Software Project Quality • “Quality is conformance to requirements” • “Quality is achieved when the software is ‘good enough’” • “Quality is ultimately situational and objective” • “Quality is the characteristic of having demonstrated the achievement of producing a product that meets or exceeds agreed-upon requirements – as measured by agreed-upon measures and criteria – and that is produced by an agreed-upon process” [Rational Software Corporation 2002]
Software Project Quality (Cont’d) • Quality is a multidimensional concept that address two primary dimensions: • The end result of the application itself • The business impact on the producer and consumer • What we have studied in this course is how to effectively manage requirements to help the development team assure that the product or system being developed meets or exceeds agreed-on requirements and to apply an agreed-on process to help assure that those results are achieved.

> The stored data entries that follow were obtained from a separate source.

lemma has_derivative_py:
  assumes "0 < \<gamma>"
  shows "(py p \<gamma> has_derivative (\<lambda>h. py_grad p \<gamma> y \<bullet> h)) (at y)"
  by (rule has_derivative_if_quadratic_remainder[OF bounded_linear_inner_right
        py_remainder_le[OF assms, folded real_norm_def]])

lemma py_grad_lipschitz:
  assumes "0 < \<gamma>"
  shows "(2 * gauss_dens \<gamma> (0::'a) / \<gamma>)-lipschitz_on UNIV (py_grad p \<gamma>)"
proof (rule lipschitz_onI)
  let ?L = "2 * gauss_dens \<gamma> (0::'a) / \<gamma>"
  show "0 \<le> ?L"
    using lipschitz_on_nonneg[OF gauss_grad_lipschitz[OF assms]] .
  fix y y' :: 'a
  have "py_grad p \<gamma> y - py_grad p \<gamma> y'
      = (\<integral>x. p x *\<^sub>R (gauss_grad \<gamma> (y - \<gamma> *\<^sub>R x) - gauss_grad \<gamma> (y' - \<gamma> *\<^sub>R x)) \<partial>lborel)"
    using assms integrable_py_grad_integrand
    by (simp add: py_grad_def scaleR_diff_right)
  also have "norm \<dots> \<le> ?L * dist y y'"
  proof (rule norm_integral_scaleR_le)
    show "norm (gauss_grad \<gamma> (y - \<gamma> *\<^sub>R x) - gauss_grad \<gamma> (y' - \<gamma> *\<^sub>R x)) \<le> ?L * dist y y'" for x
      using lipschitz_on_normD[OF gauss_grad_lipschitz[OF assms], of "y - \<gamma> *\<^sub>R x" "y' - \<gamma> *\<^sub>R x"]
      by (simp add: dist_norm)
  qed simp
  finally show "dist (py_grad p \<gamma> y) (py_grad p \<gamma> y') \<le> ?L * dist y y'"
    by (simp add: dist_norm)
qed

lemma py_pos:
  assumes "0 < \<gamma>"
  shows "0 < py p \<gamma> y"
proof -
  have integrand_nonneg: "0 \<le> p x * gauss_dens \<gamma> (y - \<gamma> *\<^sub>R x)" for x
    by (intro mult_nonneg_nonneg p_nonneg less_imp_le[OF gauss_dens_pos[OF assms]])
  have "py p \<gamma> y \<noteq> 0"
  proof
    assume "py p \<gamma> y = 0"
    then have ae: "AE x in lborel. p x * gauss_dens \<gamma> (y - \<gamma> *\<^sub>R x) = 0"
      using integral_nonneg_eq_0_iff_AE[OF integrable_py_integrand[OF assms]] integrand_nonneg
      by (simp add: py_def)
    have "gauss_dens \<gamma> z \<noteq> 0" for z
      using gauss_dens_pos[OF assms, of z] by simp
    then have "AE x in lborel. p x = 0"
      using ae by (auto elim: AE_mp)
    then have "(\<integral>x. p x \<partial>lborel) = 0"
      by (rule integral_eq_zero_AE)
    then show False
      by (simp add: integral_p)
  qed
  moreover have "0 \<le> py p \<gamma> y"
    unfolding py_def using integrand_nonneg by simp
  ultimately show ?thesis
    by simp
qed

lemma has_derivative_ln_py:
  "0 < \<gamma> \<Longrightarrow>
    ((\<lambda>z. ln (py p \<gamma> z)) has_derivative (\<lambda>h. (py_grad p \<gamma> y /\<^sub>R py p \<gamma> y) \<bullet> h)) (at y)"
  using py_pos[of \<gamma> y]
  by (auto intro!: derivative_eq_intros has_derivative_py ext simp: field_simps)

lemma score_eq:
  assumes "0 < \<gamma>"
  shows "score p \<gamma> y = py_grad p \<gamma> y /\<^sub>R py p \<gamma> y"
  unfolding score_def frechet_derivative_at[OF has_derivative_ln_py[OF assms], symmetric]
  by (simp only: euclidean_representation)

lemma continuous_on_score:
  assumes "0 < \<gamma>"
  shows "continuous_on UNIV (score p \<gamma>)"
proof -
  have "continuous_on UNIV (py p \<gamma>)"
    using has_derivative_py[OF assms]
    by (intro continuous_at_imp_continuous_on ballI has_derivative_continuous)
  moreover have "continuous_on UNIV (py_grad p \<gamma>)"
    by (rule lipschitz_on_continuous_on[OF py_grad_lipschitz[OF assms]])
  moreover have "py p \<gamma> y \<noteq> 0" for y
    using py_pos[OF assms, of y] by simp
  moreover have "score p \<gamma> = (\<lambda>y. py_grad p \<gamma> y /\<^sub>R py p \<gamma> y)"
    using score_eq[OF assms] by (simp add: fun_eq_iff)
  ultimately show ?thesis
    by (simp only:) (intro continuous_intros, auto)
qed

lemma py_tendsto_0_along_ray:
  assumes "0 < \<gamma>" "v \<noteq> 0"
  shows "(\<lambda>n. py p \<gamma> (real n *\<^sub>R v)) \<longlonglongrightarrow> 0"
proof -
  have "(\<lambda>n. \<integral>x. p x * gauss_dens \<gamma> (real n *\<^sub>R v - \<gamma> *\<^sub>R x) \<partial>lborel) \<longlonglongrightarrow> (\<integral>x. 0 \<partial>(lborel :: 'a measure))"
  proof (rule Bochner_Integration.integral_dominated_convergence[where w = "\<lambda>x. gauss_dens \<gamma> (0::'a) * p x"
        and f = "\<lambda>x. 0 :: real" and s = "\<lambda>n x. p x * gauss_dens \<gamma> (real n *\<^sub>R v - \<gamma> *\<^sub>R x)"])
    show "integrable lborel (\<lambda>x. gauss_dens \<gamma> (0::'a) * p x)"
      using integrable_p by simp
    show "AE x in lborel. (\<lambda>n. p x * gauss_dens \<gamma> (real n *\<^sub>R v - \<gamma> *\<^sub>R x)) \<longlonglongrightarrow> 0"
    proof (intro AE_I2 tendsto_mult_right_zero)
      fix x
      have "filterlim (\<lambda>n. real n *\<^sub>R v + - \<gamma> *\<^sub>R x) at_infinity sequentially"
        using filterlim_scaleR_real_at_infinity[OF assms(2)]
        by (rule tendsto_add_filterlim_at_infinity'[OF _ tendsto_const])
      then show "(\<lambda>n. gauss_dens \<gamma> (real n *\<^sub>R v - \<gamma> *\<^sub>R x)) \<longlonglongrightarrow> 0"
        using filterlim_compose[OF tendsto_gauss_dens_at_infinity[OF assms(1)]] by simp
    qed
    fix n
    have "norm (p x * gauss_dens \<gamma> (real n *\<^sub>R v - \<gamma> *\<^sub>R x)) \<le> gauss_dens \<gamma> (0::'a) * p x" for x
      using p_nonneg[of x] gauss_dens_pos[OF assms(1), of "real n *\<^sub>R v - \<gamma> *\<^sub>R x"]
        gauss_dens_le_peak[OF assms(1), of "real n *\<^sub>R v - \<gamma> *\<^sub>R x"]
      by (simp add: abs_mult mult_left_mono mult.commute[of "gauss_dens \<gamma> (0::'a)"])
    then show "AE x in lborel. norm (p x * gauss_dens \<gamma> (real n *\<^sub>R v - \<gamma> *\<^sub>R x))
        \<le> gauss_dens \<gamma> (0::'a) * p x"
      by simp
  qed simp_all
  then show ?thesis
    by (simp add: py_def)
qed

Assessing Quality in Iterative Development • When we complete the delivery of an iteration we can ask the following questions: • “Does it do what we said it would do?” • “Does is appear to meet the requirements as we know them at this time?” • “Did we do it about when we said we would?” • Now that you can see a bit of this thing, is this what you really wanted? Is this what you really meant?” • We can look at the artifacts of the process and inspect them for quality as well. These artifacts demonstrate that the process is being followed as well.
Performing the Assessment • We have already put in place an iterative process whereby the objective evidence of the iterations themselves are the primary quality measures. • We can apply secondary measures by assessing each of the requirements artifacts at each iteration, or at any iteration we choose, by looking at the various aspects of quality that each artifact should contain at that point in the development process.